Hungry for change, fed up with elections

Whatever one may think about the SNS (Srpska Napredna Stranka [Serbian Progressive Party], a more moderate and politically viable spin-off from Seselj’s toxic SRS), it is truly the only opposition party in Serbia which is large enough to be able to create some momentum for reform and/or represent an alternative policy opinion in Serbia, and as such one would expect it to play a valuable role in the Serbian politics. Today and joined by its allies, it held a rally named “The Day of Change” which, one would hope, was to serve two goals: a) have the parliamentary elections held befor spring 2012 and b) present the reason what the SNS would do better than the incumbents.

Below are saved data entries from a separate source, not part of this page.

(* Let $k\ge 4$ and $n=2k-1$. Let $\eta=(\eta_1<\eta_2<\dots<\eta_l)\in\mathbb{D}_k\setminus\{(3,k-3)\}$, and let $Y_{2\eta^*}$ be the Young diagram whose main diagonal consists of exactly the cells $c_{1,1},\dots,c_{l+1,l+1}$ and which satisfies $h_{1,1}=2n-4$, $h_{i,i}=2\eta_{l-(i-2)}$ for $2\le i\le l+1$, and $a(c_{i,i})=l(c_{i,i})+1$ for $1\le i\le l+1$. Let $\lambda$ be the partition associated with $Y_{2\eta^*}$ (i.e. $\lambda=\mathbb{N}_0\setminus \mathrm{KN}^{-1}(Y_{2\eta^*})$, equivalently the set of hook lengths of the cells of the first column of $Y_{2\eta^*}$). Then $\lambda$ is unrefinable. In particular $\lambda\in\overline{\mathcal{U}}_{T_n}$.
   Context: A partition of $N$ into distinct parts is a sequence $\lambda=(\lambda_1,\dots,\lambda_t)$ of positive integers with $\lambda_1<\dots<\lambda_t$, $\sum\lambda_i=N$ and $t\ge 2$; it is identified with its set of parts. $\mathbb{D}_N$ denotes the set of such partitions. The missing parts of $\lambda$ are $\mathcal{M}_\lambda=\{1,\dots,\lambda_t\}\setminus\{\lambda_1,\dots,\lambda_t\}$. $\lambda$ is refinable if there are two distinct missing parts $\mu<\mu'$ with $\mu+\mu'\in\lambda$, and unrefinable otherwise; $\mathcal{U}_N$ is the set of unrefinable partitions of $N$. An unrefinable partition of $N$ is maximal if its largest part equals the maximum of the largest parts of all elements of $\mathcal{U}_N$; $\widetilde{\mathcal{U}}_N$ is the set of these, and $\overline{\mathcal{U}}_N=\{\lambda\in\widetilde{\mathcal{U}}_N : \#\mathcal{M}_\lambda=\lfloor\lambda_t/2\rfloor\}$. $T_n=n(n+1)/2$. Young diagrams are in English convention: rows $R_1,R_2,\dots$ from top to bottom (weakly decreasing lengths), columns $C_1,C_2,\dots$ from left to right; $c_{i,j}$ is the cell in row $i$ and column $j$. The arm $a(c_{i,j})$ is the number of cells to the right of $c_{i,j}$ in its row, the leg $l(c_{i,j})$ the number of cells below it in its column, and the hook length is $h_{i,j}=a(c_{i,j})+l(c_{i,j})+1$. The main diagonal consists of the cells $c_{i,i}$. A numerical set is a set $S\subseteq\mathbb{N}_0$ with $0\in S$ and finite complement. The Keith–Nath (KN) transformation sends $S$ to the Young diagram $\mathrm{KN}(S)$ whose boundary is the lattice path that, starting from the origin, takes for $j=0,1,\dots,\max(\mathbb{N}_0\setminus S)$ an east step if $j\in S$ and a north step if $j\notin S$; this is a bijection between numerical sets and Young diagrams, and the hook lengths of the first-column cells of $\mathrm{KN}(S)$ are exactly the elements of $\mathbb{N}_0\setminus S$. *)

theory Defs
  imports Main
begin

(* Partitions into distinct parts are represented by their (finite) set of parts. *)
definition distinct_partitions :: "nat \<Rightarrow> nat set set" where
  "distinct_partitions N = {lam. finite lam \<and> 0 \<notin> lam \<and> card lam \<ge> 2 \<and> \<Sum>lam = N}"

definition missing_parts :: "nat set \<Rightarrow> nat set" where
  "missing_parts lam = {1..Max lam} - lam"

definition refinable :: "nat set \<Rightarrow> bool" where
  "refinable lam \<longleftrightarrow> (\<exists>\<mu>\<in>missing_parts lam. \<exists>\<mu>'\<in>missing_parts lam. \<mu> < \<mu>' \<and> \<mu> + \<mu>' \<in> lam)"

definition unrefinable_partitions :: "nat \<Rightarrow> nat set set" where
  "unrefinable_partitions N = {lam \<in> distinct_partitions N. \<not> refinable lam}"

definition maximal_unrefinable :: "nat \<Rightarrow> nat set set" where
  "maximal_unrefinable N = {lam \<in> unrefinable_partitions N.
      Max lam = Max (Max ` unrefinable_partitions N)}"

definition maximal_unrefinable_bar :: "nat \<Rightarrow> nat set set" where
  "maximal_unrefinable_bar N = {lam \<in> maximal_unrefinable N.
      card (missing_parts lam) = Max lam div 2}"

definition tri :: "nat \<Rightarrow> nat" where
  "tri n = n * (n + 1) div 2"

(* Young diagrams (English convention), as finite sets of cells (i,j), i = row, j = column,
   1-indexed, closed under moving up and to the left. *)
definition young_diagram :: "(nat \<times> nat) set \<Rightarrow> bool" where
  "young_diagram Y \<longleftrightarrow> finite Y \<and> (\<forall>(i,j)\<in>Y. 1 \<le> i \<and> 1 \<le> j) \<and>
     (\<forall>i j i' j'. (i,j) \<in> Y \<and> 1 \<le> i' \<and> i' \<le> i \<and> 1 \<le> j' \<and> j' \<le> j \<longrightarrow> (i',j') \<in> Y)"

definition arm :: "(nat \<times> nat) set \<Rightarrow> nat \<Rightarrow> nat \<Rightarrow> nat" where
  "arm Y i j = card {j'. j < j' \<and> (i,j') \<in> Y}"

definition leg :: "(nat \<times> nat) set \<Rightarrow> nat \<Rightarrow> nat \<Rightarrow> nat" where
  "leg Y i j = card {i'. i < i' \<and> (i',j) \<in> Y}"

definition hook :: "(nat \<times> nat) set \<Rightarrow> nat \<Rightarrow> nat \<Rightarrow> nat" where
  "hook Y i j = arm Y i j + leg Y i j + 1"

(* The partition associated with Y: the hook lengths of the first-column cells
   (= complement of the numerical set KN^{-1}(Y)). *)
definition first_column_hooks :: "(nat \<times> nat) set \<Rightarrow> nat set" where
  "first_column_hooks Y = {hook Y i 1 | i. (i,1) \<in> Y}"

end

theory Submission
  imports Defs
begin

(* The hypotheses say that Y has Frobenius coordinates (a_1, ..., a_d | a_1 - 1, ..., a_d - 1),
   where a_i is the arm of c_{i,i}, {a_1, ..., a_d} = {c} union eta and c = a_1 = 2k - 3.  The
   first-column hook lengths of such a diagram are the numbers c + a_i together with c - x for
   the x in {1..c} that are not arms, so
     lambda = {2c} union (c + eta) union {c - x | 0 < x < c, x not in eta}.
   It has largest part 2c = 2n - 4, exactly c parts (hence c missing parts) and sum T_n.  If two
   missing parts added up to a part, unwinding this description would give distinct parts of eta
   adding up to more than k, or parts e, e' with 2e + e' = 2k - 3, which forces eta = {3, k - 3}.
   Finally, an unrefinable partition of T_n with largest part m contains mu or m - mu for every
   mu < m/2; for m > 2n - 4 these parts alone leave a slack of at most 2 below T_n, and a parity
   count shows that the slack cannot be filled. *)

section \<open>Young diagrams and Frobenius coordinates\<close>

definition row_length :: "(nat \<times> nat) set \<Rightarrow> nat \<Rightarrow> nat" where
  "row_length Y i = card {j. (i,j) \<in> Y}"

definition col_length :: "(nat \<times> nat) set \<Rightarrow> nat \<Rightarrow> nat" where
  "col_length Y j = card {i. (i,j) \<in> Y}"

lemma finite_down_closed_eq_atLeastAtMost:
  fixes S :: "nat set"
  assumes "finite S" "0 \<notin> S" "\<And>x y. y \<in> S \<Longrightarrow> 1 \<le> x \<Longrightarrow> x \<le> y \<Longrightarrow> x \<in> S"
  shows "S = {1..card S}"
proof (cases "S = {}")
  case False
  have "Max S \<in> S"
    using assms(1) False by simp
  have "S = {1..Max S}"
  proof (intro set_eqI iffI)
    fix x assume "x \<in> S"
    then show "x \<in> {1..Max S}"
      using assms(1,2) Max_ge[of S x] by (cases x) auto
  next
    fix x assume "x \<in> {1..Max S}"
    then show "x \<in> S"
      using assms(3) \<open>Max S \<in> S\<close> by simp
  qed
  then show ?thesis
    by (metis card_atLeastAtMost diff_Suc_1)
qed simp

lemma young_diagram_closed:
  assumes "young_diagram Y" "(i,j) \<in> Y" "1 \<le> i'" "i' \<le> i" "1 \<le> j'" "j' \<le> j"
  shows "(i',j') \<in> Y"
  using assms unfolding young_diagram_def by blast

lemma young_diagram_row_iff:
  assumes Y: "young_diagram Y" and i: "1 \<le> i"
  shows "(i,j) \<in> Y \<longleftrightarrow> 1 \<le> j \<and> j \<le> row_length Y i"
proof -
  have "{j. (i,j) \<in> Y} \<subseteq> snd ` Y"
    by force
  then have "finite {j. (i,j) \<in> Y}"
    using Y finite_subset unfolding young_diagram_def by blast
  moreover have "0 \<notin> {j. (i,j) \<in> Y}"
    using Y unfolding young_diagram_def by fastforce
  moreover have "j' \<in> {j. (i,j) \<in> Y}" if "j \<in> {j. (i,j) \<in> Y}" "1 \<le> j'" "j' \<le> j" for j j'
    using Y i that unfolding young_diagram_def by blast
  ultimately have "{j. (i,j) \<in> Y} = {1..row_length Y i}"
    unfolding row_length_def by (rule finite_down_closed_eq_atLeastAtMost)
  then show ?thesis
    by (simp add: set_eq_iff)
qed

lemma young_diagram_col_iff:
  assumes Y: "young_diagram Y" and j: "1 \<le> j"
  shows "(i,j) \<in> Y \<longleftrightarrow> 1 \<le> i \<and> i \<le> col_length Y j"
proof -
  have "{i. (i,j) \<in> Y} \<subseteq> fst ` Y"
    by force
  then have "finite {i. (i,j) \<in> Y}"
    using Y finite_subset unfolding young_diagram_def by blast
  moreover have "0 \<notin> {i. (i,j) \<in> Y}"
    using Y unfolding young_diagram_def by fastforce
  moreover have "i' \<in> {i. (i,j) \<in> Y}" if "i \<in> {i. (i,j) \<in> Y}" "1 \<le> i'" "i' \<le> i" for i i'
    using Y j that unfolding young_diagram_def by blast
  ultimately have "{i. (i,j) \<in> Y} = {1..col_length Y j}"
    unfolding col_length_def by (rule finite_down_closed_eq_atLeastAtMost)
  then show ?thesis
    by (simp add: set_eq_iff)
qed

lemma arm_eq:
  assumes "young_diagram Y" "1 \<le> i"
  shows "arm Y i j = row_length Y i - j"
proof -
  have "{j'. j < j' \<and> (i,j') \<in> Y} = {j<..row_length Y i}"
    by (simp add: set_eq_iff young_diagram_row_iff[OF assms]) linarith
  then show ?thesis
    unfolding arm_def by simp
qed

lemma leg_eq:
  assumes "young_diagram Y" "1 \<le> j"
  shows "leg Y i j = col_length Y j - i"
proof -
  have "{i'. i < i' \<and> (i',j) \<in> Y} = {i<..col_length Y j}"
    by (simp add: set_eq_iff young_diagram_col_iff[OF assms]) linarith
  then show ?thesis
    unfolding leg_def by simp
qed

lemma row_length_antimono:
  assumes Y: "young_diagram Y" and "1 \<le> i" "i \<le> i'"
  shows "row_length Y i' \<le> row_length Y i"
proof (cases "row_length Y i' = 0")
  case False
  then have "(i', row_length Y i') \<in> Y"
    using young_diagram_row_iff[OF Y] assms by simp
  then have "(i, row_length Y i') \<in> Y"
    using young_diagram_closed[OF Y] assms False by simp
  then show ?thesis
    using young_diagram_row_iff[OF Y] assms by simp
qed simp

lemma col_length_antimono:
  assumes Y: "young_diagram Y" and "1 \<le> j" "j \<le> j'"
  shows "col_length Y j' \<le> col_length Y j"
proof (cases "col_length Y j' = 0")
  case False
  then have "(col_length Y j', j') \<in> Y"
    using young_diagram_col_iff[OF Y] assms by simp
  then have "(col_length Y j', j) \<in> Y"
    using young_diagram_closed[OF Y] assms False by simp
  then show ?thesis
    using young_diagram_col_iff[OF Y] assms by simp
qed simp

The rally seemed to be well attended (the SNS says 100,000+, police 40,000) with people driven to Belgrade form all over Serbia, and then what happened? Well, the SNS showed (once again) that it sadly does not have enough will (or courage? or capacity?) to even think of anything new and good to heat up the blood in the beleaguered Serbian electorate. The rally, as they sadly always tend to do, focused solely on what seems to be the only policy proposal of the opposition in Serbia: holding an early election. And even that was done in the vaguest (not a date was specified) and most derivative of ways: Tomislav Nikolic (the president and founder of the party) decided to start a hunger strike until a parliamentary election is called. Instead of actually explaining why anybody should vote SNS at the next election, there was some tear-jerking drivel (Nikolic: “Serbia occasionally deserves a sacrifice.”)  and some usual drivel about (frankly, non-existent) repression, which is even more bizzare coming from people who rarely objected (and never really denounced) their ex-leader Seselj’s gun and rusty shoe-spoon waving, nor Velja Ilic’s (current ally) troubled relationship with the press.  Of course there was the usual mention  of Serbia’s large economic and governance problems (corruption, strong role of oligarchs, depopulation, Kosovo, etc.) but sadly no real policy proposals.

Now,  focusing on the provenance of the people in the SNS elite and their soiled political careers would be unfruitful, as sadly there is a very small number of politicians or prominent figures in Serbia who have not been implicated in a scandal or have not been in close ties with relatively toxic characters, so let’s focus on what the main problem is with the SNS: it does not bring anything new to the table like good oppositions should (especially with a progressive sounding name).  Even Nikolic’s hunger strike is a deja-vu: Seselj, the very person the SNS wants to differentiate from, did it. There are no white papers, no plans (e.g. setting up of a professional civil service, better enforcement of anti-monopoly laws or a coherent industrial policy) just the same old-tired goal: having elections, as early as possible.

This may be a symptom of a general transitional country equation of elections and a functioning political system (an interesting damning take on this is Wars, Guns and Votes). To a large extent, one can blame this obsession for the lack of true policy dialogue in Serbia: not only does it make sense to always call for elections when your opponent slips if you know they’re going to happen, but also any long-termism is discouraged if parties  think constantly of the opinion polls. The sad truth is, if there was no EU to aspire to and emmulate, probably the little there is of discussion and implementation of policies in Serbia would be even less. Maybe Serbian politics would even be improved by having set term governments?

On the other hand, it may actually be that the electorate is simply not interested in any policy talk, but just enjoys brawls and posturing. Leaders are to an extent a product of their constituents. Still, the SNS should do a bit more then to simply seem like yet another group of old faces wanting to be in power just for the sake of it. Even if they don’t succeed in getting into government they would do a huge favour to Serbia by making its political pond less stagnant.

In other news,:

In Croatia, the protests continue, John Kay ever so elegantly explains the rut of policy thinking elsewhere, the Arctic Monkeys have an ok and very Oasis-y new single and we will hopefully be sated by a new Woody Allen movie to premiere at the Cannes (release date in Britain unknown, May 2011 on the continent) [old news, I know].